_WORK REQUIRED_
Every line of the material below that holds the string "proof" should be copied.

_RECORD EXTRACTS_

lemma localized_eigenbasis_translate:
  fixes V :: "('d::finite \<Rightarrow> int) \<Rightarrow> real"
  assumes loc: "localized_eigenbasis a C N V \<Phi>"
  shows "localized_eigenbasis a C N (\<lambda>n. V (n + s)) (\<lambda>l n. \<Phi> (fst l + s, snd l) (n + s))"
proof -
  define \<tau> where "\<tau> l = (fst l + s, snd l)" for l :: "('d \<Rightarrow> int) \<times> nat"
  define \<psi> where "\<psi> l n = \<Phi> (\<tau> l) (n + s)" for l n
  have decaying: "decaying_family a C N \<Phi>" and orth: "orthonormal_or_zero \<Phi>"
    and kernel: "\<And>m. proj_kernel \<Phi> m = delta m"
    and eig: "\<And>l. \<Phi> l \<noteq> (\<lambda>_. 0) \<Longrightarrow> \<exists>E. \<forall>n. schrodinger V (\<Phi> l) n = E * \<Phi> l n"
    using loc unfolding localized_eigenbasis_def by blast+
  have \<tau>: "bij_betw \<tau> UNIV UNIV"
    unfolding \<tau>_def by (rule bij_betwI[of _ _ _ "\<lambda>l. (fst l - s, snd l)"]) auto
  have \<psi>_zero: "\<psi> l = (\<lambda>_. 0) \<longleftrightarrow> \<Phi> (\<tau> l) = (\<lambda>_. 0)" for l
    unfolding \<psi>_def fun_eq_iff by (metis diff_add_cancel)
  have "decaying_family a C N \<psi>"
    unfolding decaying_family_def
  proof (intro conjI allI impI)
    fix z j n
    have "cmod (\<Phi> (z + s, j) (n + s)) \<le> C * decay a ((n + s) - (z + s))"
      using decaying unfolding decaying_family_def by blast
    thus "cmod (\<psi> (z, j) n) \<le> C * decay a (n - z)" by (simp add: \<psi>_def \<tau>_def)
  next
    fix z j assume "N \<le> j"
    thus "\<psi> (z, j) = (\<lambda>_. 0)" using decaying by (simp add: decaying_family_def \<psi>_def \<tau>_def fun_eq_iff)
  qed
  moreover have "orthonormal_or_zero \<psi>"
    unfolding \<psi>_def[abs_def]
    by (intro orthonormal_or_zero_translate orthonormal_or_zero_reindex[OF bij_betw_imp_inj_on[OF \<tau>] orth])
  moreover have "proj_kernel \<psi> m = delta m" for m
  proof
    fix n
    have "proj_kernel \<psi> m n = proj_kernel (\<lambda>l. \<Phi> (\<tau> l)) (m + s) (n + s)"
      unfolding proj_kernel_def \<psi>_def ..
    thus "proj_kernel \<psi> m n = delta m n" by (simp add: proj_kernel_reindex[OF \<tau>] kernel delta_def)
  qed
  moreover have "\<exists>E. \<forall>n. schrodinger (\<lambda>n. V (n + s)) (\<psi> l) n = E * \<psi> l n"
    if nz: "\<psi> l \<noteq> (\<lambda>_. 0)" for l
  proof -
    obtain E where E: "\<And>n. schrodinger V (\<Phi> (\<tau> l)) n = E * \<Phi> (\<tau> l) n"
      using eig[of "\<tau> l"] nz \<psi>_zero by blast
    have "schrodinger (\<lambda>n. V (n + s)) (\<psi> l) n = E * \<psi> l n" for n
      using schrodinger_translate[of V s "\<Phi> (\<tau> l)" n] E[of "n + s"]
      by (simp add: \<psi>_def[abs_def])
    thus ?thesis by blast
  qed
  ultimately show ?thesis unfolding localized_eigenbasis_def \<psi>_def \<tau>_def by blast
qed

_TASK ANSWER_
proof -
  proof (intro conjI allI impI)
  proof
  proof -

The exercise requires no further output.